[Stored data]
┏━━

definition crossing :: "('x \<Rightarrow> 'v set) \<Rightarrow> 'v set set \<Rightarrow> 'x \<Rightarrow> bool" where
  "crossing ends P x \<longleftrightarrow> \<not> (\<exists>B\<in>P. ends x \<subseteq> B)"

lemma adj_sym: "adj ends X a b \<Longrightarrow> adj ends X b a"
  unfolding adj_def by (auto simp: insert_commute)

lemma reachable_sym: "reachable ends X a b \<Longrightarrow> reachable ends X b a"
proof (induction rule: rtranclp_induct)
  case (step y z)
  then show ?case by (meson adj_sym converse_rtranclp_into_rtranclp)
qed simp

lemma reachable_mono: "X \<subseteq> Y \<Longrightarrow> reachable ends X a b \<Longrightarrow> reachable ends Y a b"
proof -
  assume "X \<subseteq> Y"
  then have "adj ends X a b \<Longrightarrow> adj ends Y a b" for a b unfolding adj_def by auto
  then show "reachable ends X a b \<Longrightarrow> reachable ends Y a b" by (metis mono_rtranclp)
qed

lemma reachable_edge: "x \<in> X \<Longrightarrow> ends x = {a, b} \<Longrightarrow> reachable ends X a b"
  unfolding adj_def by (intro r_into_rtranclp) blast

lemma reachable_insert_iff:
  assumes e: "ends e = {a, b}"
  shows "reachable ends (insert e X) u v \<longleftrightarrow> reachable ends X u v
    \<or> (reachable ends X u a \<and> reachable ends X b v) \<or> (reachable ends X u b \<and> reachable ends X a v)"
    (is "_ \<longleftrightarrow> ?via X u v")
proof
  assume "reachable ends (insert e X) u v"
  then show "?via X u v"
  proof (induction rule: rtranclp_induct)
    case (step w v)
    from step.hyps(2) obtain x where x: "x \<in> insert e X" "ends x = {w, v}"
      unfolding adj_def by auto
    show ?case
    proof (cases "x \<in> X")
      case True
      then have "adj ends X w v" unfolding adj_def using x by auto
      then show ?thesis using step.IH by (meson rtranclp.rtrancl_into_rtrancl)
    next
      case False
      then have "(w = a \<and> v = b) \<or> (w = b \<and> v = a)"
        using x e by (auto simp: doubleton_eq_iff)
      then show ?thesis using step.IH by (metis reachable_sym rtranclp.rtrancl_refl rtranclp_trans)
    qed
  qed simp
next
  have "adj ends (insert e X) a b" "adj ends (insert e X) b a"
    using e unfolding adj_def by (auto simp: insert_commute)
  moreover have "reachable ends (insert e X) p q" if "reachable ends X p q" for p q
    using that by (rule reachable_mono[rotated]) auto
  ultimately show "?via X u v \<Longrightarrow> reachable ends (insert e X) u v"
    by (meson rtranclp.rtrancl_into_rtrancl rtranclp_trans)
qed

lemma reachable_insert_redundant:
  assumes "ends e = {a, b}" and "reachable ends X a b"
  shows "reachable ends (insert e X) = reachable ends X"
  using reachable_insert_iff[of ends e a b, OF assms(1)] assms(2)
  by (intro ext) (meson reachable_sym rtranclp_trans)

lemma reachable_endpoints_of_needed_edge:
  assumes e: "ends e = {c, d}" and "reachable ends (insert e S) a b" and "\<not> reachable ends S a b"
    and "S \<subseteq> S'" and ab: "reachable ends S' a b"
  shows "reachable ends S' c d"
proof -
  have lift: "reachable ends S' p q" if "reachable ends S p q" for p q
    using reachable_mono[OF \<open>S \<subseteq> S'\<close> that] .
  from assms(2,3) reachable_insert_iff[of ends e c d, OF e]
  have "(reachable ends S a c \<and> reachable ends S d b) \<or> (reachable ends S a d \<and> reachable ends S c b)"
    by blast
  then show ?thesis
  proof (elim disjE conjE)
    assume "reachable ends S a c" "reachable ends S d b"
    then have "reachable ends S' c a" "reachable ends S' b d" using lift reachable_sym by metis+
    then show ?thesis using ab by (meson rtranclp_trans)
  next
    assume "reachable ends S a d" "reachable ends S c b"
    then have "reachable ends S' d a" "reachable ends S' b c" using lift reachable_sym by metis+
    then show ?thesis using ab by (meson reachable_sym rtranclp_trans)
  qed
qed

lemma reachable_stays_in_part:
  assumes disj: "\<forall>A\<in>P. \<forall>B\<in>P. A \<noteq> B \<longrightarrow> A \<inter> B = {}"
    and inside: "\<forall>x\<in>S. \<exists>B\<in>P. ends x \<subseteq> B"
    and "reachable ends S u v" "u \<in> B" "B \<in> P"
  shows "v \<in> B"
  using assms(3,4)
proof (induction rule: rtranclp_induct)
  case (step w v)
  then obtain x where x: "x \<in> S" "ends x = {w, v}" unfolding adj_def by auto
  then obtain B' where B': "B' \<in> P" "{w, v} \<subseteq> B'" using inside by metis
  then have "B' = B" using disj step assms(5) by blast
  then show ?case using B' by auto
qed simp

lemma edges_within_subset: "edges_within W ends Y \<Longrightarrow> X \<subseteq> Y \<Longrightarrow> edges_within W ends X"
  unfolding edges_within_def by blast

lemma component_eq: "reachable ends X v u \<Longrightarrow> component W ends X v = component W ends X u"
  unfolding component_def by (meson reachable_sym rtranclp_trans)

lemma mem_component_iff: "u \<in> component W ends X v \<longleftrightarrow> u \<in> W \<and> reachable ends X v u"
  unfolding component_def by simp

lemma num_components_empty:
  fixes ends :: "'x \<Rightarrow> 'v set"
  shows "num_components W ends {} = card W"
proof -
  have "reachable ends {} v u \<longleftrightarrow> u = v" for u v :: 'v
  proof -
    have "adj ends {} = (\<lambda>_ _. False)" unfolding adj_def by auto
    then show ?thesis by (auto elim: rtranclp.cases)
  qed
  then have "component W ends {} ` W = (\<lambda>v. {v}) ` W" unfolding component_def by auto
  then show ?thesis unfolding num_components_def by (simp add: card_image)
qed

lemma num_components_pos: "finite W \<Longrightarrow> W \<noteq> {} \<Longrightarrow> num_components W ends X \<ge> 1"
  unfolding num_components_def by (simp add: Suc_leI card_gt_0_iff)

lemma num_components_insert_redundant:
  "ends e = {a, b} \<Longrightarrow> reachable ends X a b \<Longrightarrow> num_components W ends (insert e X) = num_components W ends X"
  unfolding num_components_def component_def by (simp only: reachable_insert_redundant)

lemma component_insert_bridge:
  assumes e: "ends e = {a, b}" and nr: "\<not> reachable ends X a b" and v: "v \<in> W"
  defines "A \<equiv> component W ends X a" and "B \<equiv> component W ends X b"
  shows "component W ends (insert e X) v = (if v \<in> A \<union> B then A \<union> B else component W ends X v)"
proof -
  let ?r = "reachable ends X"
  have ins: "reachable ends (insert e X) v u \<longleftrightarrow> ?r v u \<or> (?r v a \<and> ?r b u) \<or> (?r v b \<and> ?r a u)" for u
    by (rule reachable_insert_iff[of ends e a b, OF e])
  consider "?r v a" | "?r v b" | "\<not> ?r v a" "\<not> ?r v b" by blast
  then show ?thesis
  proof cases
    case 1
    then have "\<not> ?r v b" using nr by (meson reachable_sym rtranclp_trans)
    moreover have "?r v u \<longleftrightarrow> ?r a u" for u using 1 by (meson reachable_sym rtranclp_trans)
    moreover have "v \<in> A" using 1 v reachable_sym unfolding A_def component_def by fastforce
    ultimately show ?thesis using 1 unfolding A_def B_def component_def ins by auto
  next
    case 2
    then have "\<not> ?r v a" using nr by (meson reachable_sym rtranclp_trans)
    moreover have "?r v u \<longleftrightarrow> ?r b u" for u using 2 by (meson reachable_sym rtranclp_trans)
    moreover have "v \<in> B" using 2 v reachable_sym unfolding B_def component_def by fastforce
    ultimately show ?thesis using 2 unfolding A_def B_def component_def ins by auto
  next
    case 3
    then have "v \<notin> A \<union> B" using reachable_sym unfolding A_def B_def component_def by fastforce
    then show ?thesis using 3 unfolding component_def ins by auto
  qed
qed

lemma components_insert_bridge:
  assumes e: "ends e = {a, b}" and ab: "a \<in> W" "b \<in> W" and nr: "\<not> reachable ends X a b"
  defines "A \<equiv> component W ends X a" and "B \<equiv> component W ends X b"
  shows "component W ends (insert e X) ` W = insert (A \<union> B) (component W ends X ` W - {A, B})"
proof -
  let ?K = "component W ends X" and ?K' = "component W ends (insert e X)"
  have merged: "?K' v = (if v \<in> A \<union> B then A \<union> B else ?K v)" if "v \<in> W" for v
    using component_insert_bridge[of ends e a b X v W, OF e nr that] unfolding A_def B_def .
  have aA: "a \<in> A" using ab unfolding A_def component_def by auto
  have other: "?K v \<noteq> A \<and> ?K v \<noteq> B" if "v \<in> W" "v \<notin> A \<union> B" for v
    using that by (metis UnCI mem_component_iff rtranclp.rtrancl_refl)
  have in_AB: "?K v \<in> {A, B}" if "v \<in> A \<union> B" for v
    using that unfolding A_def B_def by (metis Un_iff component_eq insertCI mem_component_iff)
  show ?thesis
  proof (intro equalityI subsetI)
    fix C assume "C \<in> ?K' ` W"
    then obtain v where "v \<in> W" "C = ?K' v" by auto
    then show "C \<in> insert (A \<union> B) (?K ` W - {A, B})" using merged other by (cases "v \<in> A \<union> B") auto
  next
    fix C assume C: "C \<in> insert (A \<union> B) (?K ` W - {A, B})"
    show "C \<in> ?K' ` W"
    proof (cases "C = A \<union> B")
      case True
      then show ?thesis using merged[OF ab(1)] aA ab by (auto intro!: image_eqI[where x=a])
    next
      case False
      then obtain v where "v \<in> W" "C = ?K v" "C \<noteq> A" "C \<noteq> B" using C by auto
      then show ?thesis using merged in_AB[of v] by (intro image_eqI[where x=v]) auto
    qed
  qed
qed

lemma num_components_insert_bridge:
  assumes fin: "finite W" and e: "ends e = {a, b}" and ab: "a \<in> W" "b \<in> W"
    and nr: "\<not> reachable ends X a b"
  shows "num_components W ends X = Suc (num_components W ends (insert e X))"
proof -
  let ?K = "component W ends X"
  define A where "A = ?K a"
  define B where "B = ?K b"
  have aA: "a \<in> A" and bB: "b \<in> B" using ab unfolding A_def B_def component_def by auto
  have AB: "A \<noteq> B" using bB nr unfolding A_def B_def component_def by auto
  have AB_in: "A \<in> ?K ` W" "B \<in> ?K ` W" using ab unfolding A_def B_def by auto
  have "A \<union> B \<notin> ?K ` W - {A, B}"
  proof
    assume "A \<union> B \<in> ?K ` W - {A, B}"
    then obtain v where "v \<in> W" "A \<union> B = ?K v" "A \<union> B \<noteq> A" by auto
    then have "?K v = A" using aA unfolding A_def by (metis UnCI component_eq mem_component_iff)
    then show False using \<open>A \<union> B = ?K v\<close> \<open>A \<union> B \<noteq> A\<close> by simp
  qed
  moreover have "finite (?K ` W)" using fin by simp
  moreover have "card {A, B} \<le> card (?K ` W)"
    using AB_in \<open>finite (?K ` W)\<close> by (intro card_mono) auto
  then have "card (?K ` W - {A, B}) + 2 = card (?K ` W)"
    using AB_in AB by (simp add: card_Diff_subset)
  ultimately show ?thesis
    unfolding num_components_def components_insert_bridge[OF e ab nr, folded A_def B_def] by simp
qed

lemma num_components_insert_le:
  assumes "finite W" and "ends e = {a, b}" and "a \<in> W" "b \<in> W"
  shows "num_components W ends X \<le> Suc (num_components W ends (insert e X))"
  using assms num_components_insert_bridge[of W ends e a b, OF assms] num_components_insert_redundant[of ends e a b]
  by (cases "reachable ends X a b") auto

┗━━
┏━━

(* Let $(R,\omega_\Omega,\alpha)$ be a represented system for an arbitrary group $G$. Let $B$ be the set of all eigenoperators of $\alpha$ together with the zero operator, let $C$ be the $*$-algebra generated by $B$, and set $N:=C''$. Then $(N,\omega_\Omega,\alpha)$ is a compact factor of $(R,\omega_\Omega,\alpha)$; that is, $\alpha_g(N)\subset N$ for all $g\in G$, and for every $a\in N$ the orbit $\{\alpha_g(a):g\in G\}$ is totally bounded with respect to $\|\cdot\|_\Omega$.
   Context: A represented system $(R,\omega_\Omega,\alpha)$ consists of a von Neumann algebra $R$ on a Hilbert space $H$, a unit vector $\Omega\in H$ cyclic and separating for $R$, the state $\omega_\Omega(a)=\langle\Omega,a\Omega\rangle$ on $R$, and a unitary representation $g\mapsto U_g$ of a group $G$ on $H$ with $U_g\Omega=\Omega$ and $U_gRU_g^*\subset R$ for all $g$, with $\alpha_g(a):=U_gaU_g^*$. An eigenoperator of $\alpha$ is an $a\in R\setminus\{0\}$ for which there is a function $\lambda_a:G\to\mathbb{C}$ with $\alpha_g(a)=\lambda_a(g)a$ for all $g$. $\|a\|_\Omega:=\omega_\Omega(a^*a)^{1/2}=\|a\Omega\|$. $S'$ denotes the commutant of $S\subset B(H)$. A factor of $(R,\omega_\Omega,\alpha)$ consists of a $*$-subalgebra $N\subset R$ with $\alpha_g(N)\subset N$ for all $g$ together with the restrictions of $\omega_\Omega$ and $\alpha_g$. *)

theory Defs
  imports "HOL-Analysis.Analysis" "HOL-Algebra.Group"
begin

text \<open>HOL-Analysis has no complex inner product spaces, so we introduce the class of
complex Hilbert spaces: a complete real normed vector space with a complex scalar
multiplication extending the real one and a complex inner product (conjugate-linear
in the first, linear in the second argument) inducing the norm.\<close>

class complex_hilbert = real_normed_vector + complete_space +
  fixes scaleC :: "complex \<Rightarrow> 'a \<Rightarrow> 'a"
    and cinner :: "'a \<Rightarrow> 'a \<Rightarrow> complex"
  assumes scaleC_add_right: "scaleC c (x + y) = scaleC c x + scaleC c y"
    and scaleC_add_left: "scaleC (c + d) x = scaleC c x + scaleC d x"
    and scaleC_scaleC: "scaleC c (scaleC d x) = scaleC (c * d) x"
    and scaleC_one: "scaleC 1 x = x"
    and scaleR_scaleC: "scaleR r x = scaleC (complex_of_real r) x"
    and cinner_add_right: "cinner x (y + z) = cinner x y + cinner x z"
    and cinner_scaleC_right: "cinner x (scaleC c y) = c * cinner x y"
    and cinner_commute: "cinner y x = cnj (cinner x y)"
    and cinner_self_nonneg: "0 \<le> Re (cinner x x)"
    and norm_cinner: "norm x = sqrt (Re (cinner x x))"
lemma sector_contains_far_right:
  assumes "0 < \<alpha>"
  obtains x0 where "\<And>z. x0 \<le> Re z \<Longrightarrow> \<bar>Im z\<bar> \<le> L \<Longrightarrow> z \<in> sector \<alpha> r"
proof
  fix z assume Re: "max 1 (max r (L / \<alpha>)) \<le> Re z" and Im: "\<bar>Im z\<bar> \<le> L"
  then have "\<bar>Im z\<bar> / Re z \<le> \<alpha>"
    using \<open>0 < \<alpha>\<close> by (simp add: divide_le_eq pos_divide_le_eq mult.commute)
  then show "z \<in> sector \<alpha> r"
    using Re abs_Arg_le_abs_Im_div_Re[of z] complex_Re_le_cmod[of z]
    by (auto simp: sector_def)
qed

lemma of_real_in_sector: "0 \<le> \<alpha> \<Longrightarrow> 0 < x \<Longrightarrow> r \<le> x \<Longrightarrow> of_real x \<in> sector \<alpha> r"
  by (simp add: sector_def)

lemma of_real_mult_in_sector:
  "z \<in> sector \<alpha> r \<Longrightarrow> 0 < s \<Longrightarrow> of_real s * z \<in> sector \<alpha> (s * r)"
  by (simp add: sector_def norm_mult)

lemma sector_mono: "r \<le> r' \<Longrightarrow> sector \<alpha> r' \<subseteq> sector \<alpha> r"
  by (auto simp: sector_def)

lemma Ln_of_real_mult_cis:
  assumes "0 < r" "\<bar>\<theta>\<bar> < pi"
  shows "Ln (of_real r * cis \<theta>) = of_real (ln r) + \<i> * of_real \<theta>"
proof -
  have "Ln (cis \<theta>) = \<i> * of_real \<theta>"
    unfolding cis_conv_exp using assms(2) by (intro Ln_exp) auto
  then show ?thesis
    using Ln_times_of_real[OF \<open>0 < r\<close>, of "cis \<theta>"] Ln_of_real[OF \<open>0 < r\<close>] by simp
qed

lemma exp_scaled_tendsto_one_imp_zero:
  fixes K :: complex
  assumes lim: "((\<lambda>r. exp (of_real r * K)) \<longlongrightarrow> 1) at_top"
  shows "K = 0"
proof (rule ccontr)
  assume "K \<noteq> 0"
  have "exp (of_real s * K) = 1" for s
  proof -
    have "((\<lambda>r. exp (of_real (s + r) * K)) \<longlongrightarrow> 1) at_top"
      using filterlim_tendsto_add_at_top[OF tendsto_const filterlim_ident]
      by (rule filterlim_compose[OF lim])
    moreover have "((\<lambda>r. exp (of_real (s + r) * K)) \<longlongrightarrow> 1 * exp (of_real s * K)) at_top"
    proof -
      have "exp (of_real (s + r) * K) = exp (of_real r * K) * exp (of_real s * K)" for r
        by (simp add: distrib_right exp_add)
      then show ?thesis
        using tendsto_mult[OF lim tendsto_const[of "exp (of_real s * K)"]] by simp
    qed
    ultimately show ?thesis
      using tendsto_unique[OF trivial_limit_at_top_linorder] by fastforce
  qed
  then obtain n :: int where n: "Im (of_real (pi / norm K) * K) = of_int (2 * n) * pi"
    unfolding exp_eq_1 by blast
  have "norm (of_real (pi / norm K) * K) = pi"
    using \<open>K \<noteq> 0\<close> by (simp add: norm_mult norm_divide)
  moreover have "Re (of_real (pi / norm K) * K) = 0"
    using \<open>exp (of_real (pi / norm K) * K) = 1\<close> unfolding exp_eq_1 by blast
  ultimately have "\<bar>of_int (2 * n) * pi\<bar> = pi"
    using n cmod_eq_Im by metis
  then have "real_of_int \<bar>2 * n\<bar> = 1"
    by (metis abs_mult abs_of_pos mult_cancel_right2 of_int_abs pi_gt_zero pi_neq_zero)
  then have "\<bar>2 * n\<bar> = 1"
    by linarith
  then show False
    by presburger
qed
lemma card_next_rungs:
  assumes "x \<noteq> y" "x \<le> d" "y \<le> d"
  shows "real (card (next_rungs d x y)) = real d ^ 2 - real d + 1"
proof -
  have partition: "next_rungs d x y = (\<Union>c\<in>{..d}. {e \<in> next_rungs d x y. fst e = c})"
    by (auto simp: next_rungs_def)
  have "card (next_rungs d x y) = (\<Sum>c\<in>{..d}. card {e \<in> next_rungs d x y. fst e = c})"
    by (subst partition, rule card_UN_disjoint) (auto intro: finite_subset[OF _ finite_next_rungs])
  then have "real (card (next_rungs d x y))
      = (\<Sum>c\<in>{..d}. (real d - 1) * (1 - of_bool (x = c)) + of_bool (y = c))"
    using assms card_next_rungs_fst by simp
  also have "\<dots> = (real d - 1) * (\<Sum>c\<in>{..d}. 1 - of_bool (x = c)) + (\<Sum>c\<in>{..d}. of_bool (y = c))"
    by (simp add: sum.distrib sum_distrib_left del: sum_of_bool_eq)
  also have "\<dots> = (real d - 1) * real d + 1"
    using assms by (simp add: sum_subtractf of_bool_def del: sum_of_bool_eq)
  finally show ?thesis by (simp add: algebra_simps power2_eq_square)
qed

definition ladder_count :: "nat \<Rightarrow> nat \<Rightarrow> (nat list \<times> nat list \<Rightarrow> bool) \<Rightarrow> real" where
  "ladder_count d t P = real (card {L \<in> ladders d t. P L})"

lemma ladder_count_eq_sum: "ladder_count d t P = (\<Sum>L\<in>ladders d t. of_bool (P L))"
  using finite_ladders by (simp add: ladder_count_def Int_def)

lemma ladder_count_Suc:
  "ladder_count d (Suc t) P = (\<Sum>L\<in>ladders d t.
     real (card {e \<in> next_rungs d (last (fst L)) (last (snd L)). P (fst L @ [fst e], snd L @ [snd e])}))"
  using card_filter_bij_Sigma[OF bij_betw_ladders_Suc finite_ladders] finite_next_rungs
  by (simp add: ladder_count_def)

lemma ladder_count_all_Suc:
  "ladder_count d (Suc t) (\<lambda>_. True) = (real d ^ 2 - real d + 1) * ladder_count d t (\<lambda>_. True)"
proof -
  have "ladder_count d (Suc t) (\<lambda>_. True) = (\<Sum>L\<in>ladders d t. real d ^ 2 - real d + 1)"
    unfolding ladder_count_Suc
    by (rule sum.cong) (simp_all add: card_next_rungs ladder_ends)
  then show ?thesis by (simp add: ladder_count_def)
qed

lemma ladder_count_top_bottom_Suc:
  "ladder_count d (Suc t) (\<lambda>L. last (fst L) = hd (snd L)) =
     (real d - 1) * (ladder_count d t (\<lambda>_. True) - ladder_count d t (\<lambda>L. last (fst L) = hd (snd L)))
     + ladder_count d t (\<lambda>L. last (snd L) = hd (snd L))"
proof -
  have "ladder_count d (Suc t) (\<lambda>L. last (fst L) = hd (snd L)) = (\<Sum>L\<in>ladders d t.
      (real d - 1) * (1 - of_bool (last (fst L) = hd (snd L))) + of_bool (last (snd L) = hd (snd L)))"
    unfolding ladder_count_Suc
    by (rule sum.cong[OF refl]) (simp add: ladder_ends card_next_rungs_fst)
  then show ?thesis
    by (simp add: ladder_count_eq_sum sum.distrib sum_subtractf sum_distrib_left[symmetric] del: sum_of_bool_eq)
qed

┗━━
┏━━

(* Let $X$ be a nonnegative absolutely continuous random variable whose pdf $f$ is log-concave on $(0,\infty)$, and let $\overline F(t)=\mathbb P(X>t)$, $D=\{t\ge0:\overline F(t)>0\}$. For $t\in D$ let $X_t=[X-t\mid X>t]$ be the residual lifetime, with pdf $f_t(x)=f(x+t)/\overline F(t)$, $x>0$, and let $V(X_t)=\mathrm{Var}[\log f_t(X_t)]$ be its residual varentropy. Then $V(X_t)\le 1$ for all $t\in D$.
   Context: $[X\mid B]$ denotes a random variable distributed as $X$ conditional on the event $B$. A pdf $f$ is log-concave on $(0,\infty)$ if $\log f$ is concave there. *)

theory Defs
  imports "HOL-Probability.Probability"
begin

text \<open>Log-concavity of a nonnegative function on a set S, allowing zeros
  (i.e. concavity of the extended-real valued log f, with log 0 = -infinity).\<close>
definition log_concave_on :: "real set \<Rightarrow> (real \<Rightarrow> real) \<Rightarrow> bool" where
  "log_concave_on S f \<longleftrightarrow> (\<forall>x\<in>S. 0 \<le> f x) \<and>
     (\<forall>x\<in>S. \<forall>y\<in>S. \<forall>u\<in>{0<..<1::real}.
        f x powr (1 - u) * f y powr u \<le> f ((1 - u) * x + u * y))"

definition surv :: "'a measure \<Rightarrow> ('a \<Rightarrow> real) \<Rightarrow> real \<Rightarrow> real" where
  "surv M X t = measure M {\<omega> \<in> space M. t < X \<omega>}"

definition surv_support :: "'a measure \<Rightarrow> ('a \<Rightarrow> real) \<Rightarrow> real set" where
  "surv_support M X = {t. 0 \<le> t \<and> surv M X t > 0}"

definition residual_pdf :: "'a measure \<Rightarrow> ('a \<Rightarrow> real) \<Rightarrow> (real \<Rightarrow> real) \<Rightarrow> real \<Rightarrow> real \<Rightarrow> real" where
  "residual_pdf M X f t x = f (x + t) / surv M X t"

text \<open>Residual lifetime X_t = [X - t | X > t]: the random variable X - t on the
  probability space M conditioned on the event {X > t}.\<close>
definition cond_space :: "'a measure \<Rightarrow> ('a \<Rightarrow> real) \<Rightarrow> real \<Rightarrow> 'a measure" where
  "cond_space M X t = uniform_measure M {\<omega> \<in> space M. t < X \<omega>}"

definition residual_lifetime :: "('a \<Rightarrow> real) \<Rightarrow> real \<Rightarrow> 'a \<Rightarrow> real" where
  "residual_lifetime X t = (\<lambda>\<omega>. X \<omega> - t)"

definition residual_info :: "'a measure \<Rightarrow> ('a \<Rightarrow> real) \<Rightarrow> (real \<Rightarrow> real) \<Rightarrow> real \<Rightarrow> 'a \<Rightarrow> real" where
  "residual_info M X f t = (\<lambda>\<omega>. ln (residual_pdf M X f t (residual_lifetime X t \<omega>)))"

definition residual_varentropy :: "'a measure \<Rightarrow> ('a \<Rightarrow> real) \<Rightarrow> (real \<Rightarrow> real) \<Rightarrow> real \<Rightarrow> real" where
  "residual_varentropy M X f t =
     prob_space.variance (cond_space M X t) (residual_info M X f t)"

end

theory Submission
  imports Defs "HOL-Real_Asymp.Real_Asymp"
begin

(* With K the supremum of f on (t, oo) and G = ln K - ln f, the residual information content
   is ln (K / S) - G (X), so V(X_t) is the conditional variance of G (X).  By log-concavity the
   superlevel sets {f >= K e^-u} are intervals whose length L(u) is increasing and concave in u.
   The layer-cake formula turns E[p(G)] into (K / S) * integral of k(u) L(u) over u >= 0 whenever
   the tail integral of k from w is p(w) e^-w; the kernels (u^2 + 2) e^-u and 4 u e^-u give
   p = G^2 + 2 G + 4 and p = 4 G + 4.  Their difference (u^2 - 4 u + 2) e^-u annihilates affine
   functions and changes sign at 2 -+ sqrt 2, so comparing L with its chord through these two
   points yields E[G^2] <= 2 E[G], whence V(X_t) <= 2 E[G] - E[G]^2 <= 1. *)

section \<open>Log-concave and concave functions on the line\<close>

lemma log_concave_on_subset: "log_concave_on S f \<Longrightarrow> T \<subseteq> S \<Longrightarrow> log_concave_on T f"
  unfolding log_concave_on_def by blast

┗━━

TASK INSTRUCTIONS — All lines in the preceding records that hold the word "else" need to be copied.

EXERCISE RESULT —
  shows "component W ends (insert e X) v = (if v \<in> A \<union> B then A \<union> B else component W ends X v)"
  have merged: "?K' v = (if v \<in> A \<union> B then A \<union> B else ?K v)" if "v \<in> W" for v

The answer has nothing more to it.